There's a lot lacking with DocumentDB, as evident from the feedback forum, that comparing it to Mongo is like comparing an infant to an adult. The infant might be cute, but it can't do a whole lot.


To build something similarly sized with the free version of Mongo would also be expensive. It's a trade off.

When users have evaluated DocumentDB against MongoDB, they see major shortcomings in Microsoft's offering:

"As we were developing our new financial benchmarking service last year, we evaluated Microsoft’s Azure DocumentDB, but MongoDB offered much richer query and indexing functionality"

KPMG France https://www.mongodb.com/blog/post/kpmg-france-enters-the-clo...

All of the following three share something in common: 1) Microsoft Azure DocumentDB 2) Google Cloud Spanner 3) Amazon Web Services DynamoDB

Total cloud-vendor lock-in. It's clear why the clouds want users investing in these difficult-to-migrate-from solutions...

Needs more hashtags. Reach all those Millenials graduating $10k 3-month bootcamps. Sigh.

lol, yeah, this marketing piece doesn't really feel professional. It is littered with useless illustrations and bad poetry.

> Third, we do it with love…

With love for our money sure. What the hell does that even mean? I really rolled my eyes reading that blog post.

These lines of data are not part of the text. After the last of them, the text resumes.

lemma fls_subdegree_inverse_minus_frac_part:
  fixes f :: "'a::field fls"
  assumes "f \<noteq> 0" "0 \<le> fls_subdegree f"
  shows "fls_subdegree (inverse f - frac_part (inverse f)) = - fls_subdegree f"
  using assms fls_subdegree_minus_frac_part[of "inverse f"] by simp

lemma toeplitz_singular_frac_part_inverse:
  fixes f :: "'a::field fls"
  assumes f: "f \<noteq> 0" "fls_vanishes_below f 1" and n: "fls_subdegree f < int n"
    and sing: "toeplitz_singular n f"
  shows "toeplitz_singular (n - nat (fls_subdegree f)) (frac_part (inverse f))"
proof -
  define d where "d = fls_subdegree f"
  define g where "g = frac_part (inverse f)"
  define a where "a = inverse f - g"
  obtain q where q: "q \<noteq> 0" "fls_vanishes_above q 0" "fls_vanishes_below q (1 - int n)"
    and qf: "\<forall>i\<in>{1..int n}. (q * f) $$ i = 0"
    using sing unfolding toeplitz_singular_def by blast
  define r where "r = frac_part (q * f)"
  define p where "p = q * f - r"
  have d: "1 \<le> d" using f by (simp add: d_def fls_vanishes_below_iff_subdegree)
  have n': "int (n - nat d) = int n - d" using n d by (simp add: d_def)
  have r: "fls_vanishes_below r (int n + 1)"
    using qf by (auto simp: r_def fls_vanishes_below_def)
  have "fls_subdegree (q * f) \<le> d"
    using q f(1) by (simp add: d_def fls_subdegree_le_if_vanishes_above)
  then have "q * f \<noteq> r"
    using r q(1) f(1) n by (auto simp: d_def fls_vanishes_below_iff_subdegree)
  then have "p \<noteq> 0" by (simp add: p_def)
  moreover have "fls_vanishes_above p 0" by (simp add: p_def r_def)
  moreover have "fls_vanishes_below p (1 - int (n - nat d))"
  proof -
    have "fls_vanishes_below (q * f) (1 - (int n - d))"
      using fls_vanishes_below_mult[OF q(3) fls_vanishes_below_subdegree[of f]]
      by (simp add: d_def algebra_simps)
    then show ?thesis unfolding p_def r_def n' by (rule fls_vanishes_below_minus_frac_part)
  qed
  moreover have "(p * g) $$ i = 0" if i: "i \<in> {1..int (n - nat d)}" for i
  proof -
    have "inverse f * f = 1" using f(1) by simp
    then have pg: "p * g = q - r * inverse f - p * a"
      unfolding p_def a_def by (simp add: algebra_simps)
    have "q $$ i = 0" using q(2) i by (simp add: fls_vanishes_above_def)
    moreover have "fls_vanishes_below (r * inverse f) (int n + 1 - d)"
      using fls_vanishes_below_mult[OF r fls_vanishes_below_subdegree[of "inverse f"]]
      by (simp add: d_def)
    then have "(r * inverse f) $$ i = 0" using i n' by (simp add: fls_vanishes_below_def)
    moreover have "fls_vanishes_above (p * a) 0"
      using fls_vanishes_above_mult[OF \<open>fls_vanishes_above p 0\<close>, of a 0] by (simp add: a_def g_def)
    then have "(p * a) $$ i = 0" using i by (simp add: fls_vanishes_above_def)
    ultimately show ?thesis unfolding pg by simp
  qed
  ultimately show ?thesis unfolding toeplitz_singular_def g_def d_def by blast
qed

lemma toeplitz_singular_if_frac_part_inverse:
  fixes f :: "'a::field fls"
  assumes f: "f \<noteq> 0" "fls_vanishes_below f 1" and n: "fls_subdegree f < int n"
    and sing: "toeplitz_singular (n - nat (fls_subdegree f)) (frac_part (inverse f))"
  shows "toeplitz_singular n f"
proof -
  define d where "d = fls_subdegree f"
  define g where "g = frac_part (inverse f)"
  define a where "a = inverse f - g"
  have d: "1 \<le> d" using f by (simp add: d_def fls_vanishes_below_iff_subdegree)
  have n': "int (n - nat d) = int n - d" using n d by (simp add: d_def)
  obtain q' where q': "q' \<noteq> 0" "fls_vanishes_above q' 0" "fls_vanishes_below q' (1 - (int n - d))"
    and q'g: "\<forall>i\<in>{1..int n - d}. (q' * g) $$ i = 0"
    using sing n' unfolding toeplitz_singular_def g_def d_def by auto
  define r where "r = frac_part (q' * g)"
  define p where "p = q' * g - r"
  \<comment> \<open>q is the polynomial part of q' / f\<close>
  define q where "q = p + q' * a"
  have a: "fls_vanishes_above a 0" "fls_subdegree a = - d"
    using f d fls_subdegree_inverse_minus_frac_part[of f] by (simp_all add: a_def g_def d_def)
  have p: "fls_vanishes_above p 0" "fls_vanishes_below p (fls_subdegree q' + 1)"
    using fls_vanishes_below_mult[OF fls_vanishes_below_subdegree[of q'] fls_vanishes_below_frac_part]
    by (simp_all add: p_def r_def g_def fls_vanishes_below_minus_frac_part)
  have "a \<noteq> 0" using a(2) d by auto
  with q'(1) a(2) have q'a: "q' * a \<noteq> 0" "fls_subdegree (q' * a) = fls_subdegree q' - d"
    by simp_all
  have "fls_vanishes_below p (fls_subdegree (q' * a) + 1)"
    using p(2) d q'a(2) by (auto intro: fls_vanishes_below_mono)
  from fls_subdegree_add_vanishes_below[OF q'a(1) this]
  have "q \<noteq> 0" "fls_subdegree q = fls_subdegree q' - d"
    using q'a(2) by (simp_all add: q_def)
  moreover have "fls_vanishes_above q 0"
    using p(1) fls_vanishes_above_mult[OF q'(2) a(1)] by (simp add: q_def fls_vanishes_above_def)
  moreover have "fls_vanishes_below q (1 - int n)"
    using q'(1,3) \<open>fls_subdegree q = fls_subdegree q' - d\<close>
    by (simp add: fls_vanishes_below_iff_subdegree)
  moreover have "(q * f) $$ i = 0" if i: "i \<in> {1..int n}" for i
  proof -
    have "inverse f * f = 1" using f(1) by simp
    then have qf: "q * f = q' - r * f"
      unfolding q_def p_def a_def by (simp add: algebra_simps)
    have "q' $$ i = 0" using q'(2) i by (simp add: fls_vanishes_above_def)
    moreover have "fls_vanishes_below r (int n - d + 1)"
      using q'g by (auto simp: r_def fls_vanishes_below_def)
    then have "fls_vanishes_below (r * f) (int n + 1)"
      using fls_vanishes_below_mult[OF _ fls_vanishes_below_subdegree[of f]] by (fastforce simp: d_def)
    then have "(r * f) $$ i = 0" using i by (simp add: fls_vanishes_below_def)
    ultimately show ?thesis unfolding qf by simp
  qed
  ultimately show ?thesis unfolding toeplitz_singular_def by blast
qed

lemma toeplitz_singular_frac_part_inverse_iff:
  fixes f :: "'a::field fls"
  assumes "f \<noteq> 0" "fls_vanishes_below f 1" "fls_subdegree f < int n"
  shows "toeplitz_singular n f \<longleftrightarrow>
    toeplitz_singular (n - nat (fls_subdegree f)) (frac_part (inverse f))"
  using assms toeplitz_singular_frac_part_inverse toeplitz_singular_if_frac_part_inverse by blast

section \<open>Continued fractions\<close>

lemma cf_rem_Suc_frac_part_inverse: "cf_rem f (Suc l) = cf_rem (frac_part (inverse f)) l"
  by (induction l) auto

lemma cf_quot_Suc_frac_part_inverse:
  "1 \<le> i \<Longrightarrow> cf_quot f (Suc i) = cf_quot (frac_part (inverse f)) i"
  unfolding cf_quot_def using cf_rem_Suc_frac_part_inverse[of f "i - 1"] by simp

This is childish and out of place for an article trying to sell security.

I think they know their target audience. (It's for MongoDB users after all.)

It's really satisfying when I read some post with what I exactly wanted to write but didn't have the balls to. Thank you :)

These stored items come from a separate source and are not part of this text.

lemma rat_poly_int_coeffs_if_roots:
  fixes P :: "int poly" and f :: "rat poly" and S :: "'a::field_char_0 set"
  assumes P: "lead_coeff P = 1" and f: "lead_coeff f = 1" and S: "card S = degree f"
    and roots: "\<And>x. x \<in> S \<Longrightarrow> poly (map_poly of_int P) x = 0 \<and> poly (map_poly of_rat f) x = 0"
  shows "coeff f i \<in> \<int>"
proof -
  define Pq :: "rat poly" where "Pq = map_poly of_int P"
  define R where "R = Pq mod f"
  have "f \<noteq> 0" using f by auto
  have "R = 0"
  proof (rule ccontr)
    assume "R \<noteq> 0"
    then have R_nz: "map_poly (of_rat :: rat \<Rightarrow> 'a) R \<noteq> 0" by (simp add: map_poly_eq_0_iff)
    have "S \<subseteq> {x. poly (map_poly of_rat R) x = 0}"
    proof
      fix x assume "x \<in> S"
      have "map_poly of_rat Pq = map_poly of_rat (Pq div f) * map_poly of_rat f + map_poly (of_rat :: rat \<Rightarrow> 'a) R"
        by (simp add: R_def flip: map_poly_of_rat_mult map_poly_of_rat_add)
      from arg_cong[OF this, of "\<lambda>p. poly p x"]
      have "poly (map_poly of_int P) x
              = poly (map_poly of_rat (Pq div f)) x * poly (map_poly of_rat f) x + poly (map_poly of_rat R) x"
        by (simp add: Pq_def map_poly_map_poly o_def)
      then show "x \<in> {x. poly (map_poly of_rat R) x = 0}"
        using roots[OF \<open>x \<in> S\<close>] by simp
    qed
    then have "card S \<le> card {x. poly (map_poly (of_rat :: rat \<Rightarrow> 'a) R) x = 0}"
      by (intro card_mono poly_roots_finite R_nz)
    also have "\<dots> \<le> degree R"
      using card_poly_roots_bound[OF R_nz] by (simp add: degree_map_poly)
    also have "\<dots> < degree f"
      using degree_mod_less[OF \<open>f \<noteq> 0\<close>, of Pq] \<open>R \<noteq> 0\<close> by (simp add: R_def)
    finally show False using S by simp
  qed
  then have "f dvd Pq" by (simp add: R_def mod_0_imp_dvd)
  then have "map_poly of_int P = f * (Pq div f)" by (simp add: Pq_def)
  moreover have "lead_coeff (Pq div f) = 1"
    using P f arg_cong[OF calculation, of lead_coeff]
    by (simp add: lead_coeff_mult degree_map_poly coeff_map_poly)
  ultimately show ?thesis using monic_rat_factor_of_monic_int_poly[OF P _ f] by blast
qed

lemma product_of_roots_int:
  fixes P :: "int poly" and x1 x2 x3 :: "'a::field_char_0" and s1 s2 s3 :: rat
  assumes P: "lead_coeff P = 1"
    and roots: "poly (map_poly of_int P) x1 = 0" "poly (map_poly of_int P) x2 = 0"
      "poly (map_poly of_int P) x3 = 0"
    and distinct: "x1 \<noteq> x2" "x1 \<noteq> x3" "x2 \<noteq> x3"
    and e1: "x1 + x2 + x3 = of_rat s1" and e2: "x1 * x2 + x1 * x3 + x2 * x3 = of_rat s2"
    and e3: "x1 * x2 * x3 = of_rat s3"
  shows "s3 \<in> \<int>"
proof -
  define f where "f = [:-s3, s2, -s1, 1:]"
  have "poly (map_poly of_rat f) x = (x - x1) * (x - x2) * (x - x3)" for x :: 'a
    by (simp add: f_def map_poly_pCons of_rat_minus flip: e1 e2 e3) algebra
  then have "coeff f 0 \<in> \<int>"
    using roots distinct by (intro rat_poly_int_coeffs_if_roots[of P f "{x1, x2, x3}"]) (auto simp: P f_def)
  then show ?thesis by (simp add: f_def)
qed

subsection \<open>Conjugate roots of irreducible rational polynomials\<close>

lemma irreducible_rat_poly_no_root:
  fixes g :: "rat poly"
  assumes "irreducible g" "degree g > 1"
  shows "poly g r \<noteq> 0"
proof
  assume "poly g r = 0"
  then have "[:-r, 1:] dvd g" by (simp add: poly_eq_0_iff_dvd)
  moreover have "\<not> is_unit [:-r, 1:]" by (simp add: is_unit_iff_degree)
  ultimately have "g dvd [:-r, 1:]" using irreducibleD'[OF assms(1)] by blast
  then show False using dvd_imp_degree_le[of g "[:-r, 1:]"] assms(2) by auto
qed

lemma rat_poly_root_at_conjugate:
  fixes g h :: "rat poly" and z w :: "'a::field_char_0"
  assumes "irreducible g" and "poly (map_poly of_rat g) z = 0" "poly (map_poly of_rat g) w = 0"
    and "poly (map_poly of_rat h) z = 0"
  shows "poly (map_poly of_rat h) w = 0"
proof (cases "g dvd h")
  case True
  then show ?thesis using assms(3) by (auto elim!: dvdE)
next
  case False
  have "coprime g h"
    using False field_poly_irreducible_imp_prime[OF assms(1)] by (simp add: prime_elem_imp_coprime)
  then obtain u v where "u * g + v * h = 1"
    by (metis bezout_coefficients_fst_snd gcd_eq_1_imp_coprime coprime_imp_gcd_eq_1)
  then have "poly (map_poly of_rat (u * g + v * h)) z = (1 :: 'a)" by simp
  then show ?thesis using assms(2,4) by simp
qed

lemma rat_poly_eq_at_roots_of_cubic:
  fixes g h :: "rat poly" and t u v :: "'a::field_char_0"
  assumes g: "degree g = 3"
    and roots: "poly (map_poly of_rat g) t = 0" "poly (map_poly of_rat g) u = 0" "poly (map_poly of_rat g) v = 0"
    and "u \<noteq> v" "u + v \<notin> \<rat>" and h_uv: "poly (map_poly of_rat h) u = poly (map_poly of_rat h) v"
  shows "poly (map_poly of_rat h) t = poly (map_poly of_rat h) u"
proof -
  define R where "R = h mod g"
  have "g \<noteq> 0" using g by auto
  then have "degree R \<le> 2" using degree_mod_less[of g h] g by (cases "R = 0") (auto simp: R_def)
  then obtain c0 c1 c2 where R: "R = [:c0, c1, c2:]" using poly_degree_le_2 by blast
  have h_R: "poly (map_poly of_rat h) x = of_rat c0 + x * (of_rat c1 + x * of_rat c2)"
    if "poly (map_poly of_rat g) x = 0" for x :: 'a
    using poly_map_poly_of_rat_mod[OF that, of h] by (simp add: R_def[symmetric] R map_poly_pCons)
  have "(u - v) * (of_rat c1 + of_rat c2 * (u + v)) = 0"
    using h_uv h_R[OF roots(2)] h_R[OF roots(3)] by (simp add: algebra_simps)
  then have c12: "of_rat c1 + of_rat c2 * (u + v) = 0" using \<open>u \<noteq> v\<close> by simp
  have "c2 = 0"
  proof (rule ccontr)
    assume "c2 \<noteq> 0"
    have "u + v = (of_rat c1 + of_rat c2 * (u + v) - of_rat c1) / of_rat c2"
      using \<open>c2 \<noteq> 0\<close> by simp
    also have "\<dots> = of_rat (- c1 / c2)"
      unfolding c12 by (simp add: of_rat_divide of_rat_minus)
    finally have "u + v = of_rat (- c1 / c2)" .
    then show False using \<open>u + v \<notin> \<rat>\<close> by simp
  qed
  with c12 have "c1 = 0" by simp
  show ?thesis using h_R[OF roots(1)] h_R[OF roots(2)] \<open>c1 = 0\<close> \<open>c2 = 0\<close> by simp
qed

What a sweeping generalisation to make.

I've been out of touch with Mongo for a while, but when did it stop being common practice to just hide :27017 behind a firewall with only your app's DB access layer (or, at most, a few nodes in the local subnet) talking to it?

Probably around the same time ops were deemed useless :)

[1] https://news.ycombinator.com/item?id=13644789

I saw that chain too. I guess I do devops differently. Since I'm bootstrapping I don't have money for an ops person. So I've set about learning ufw, let's encrypt, nginx/tls termination to a service only accepting local connections to the port, etc. I see devops as the developer learning the ops side to take responsibility for the whole stack.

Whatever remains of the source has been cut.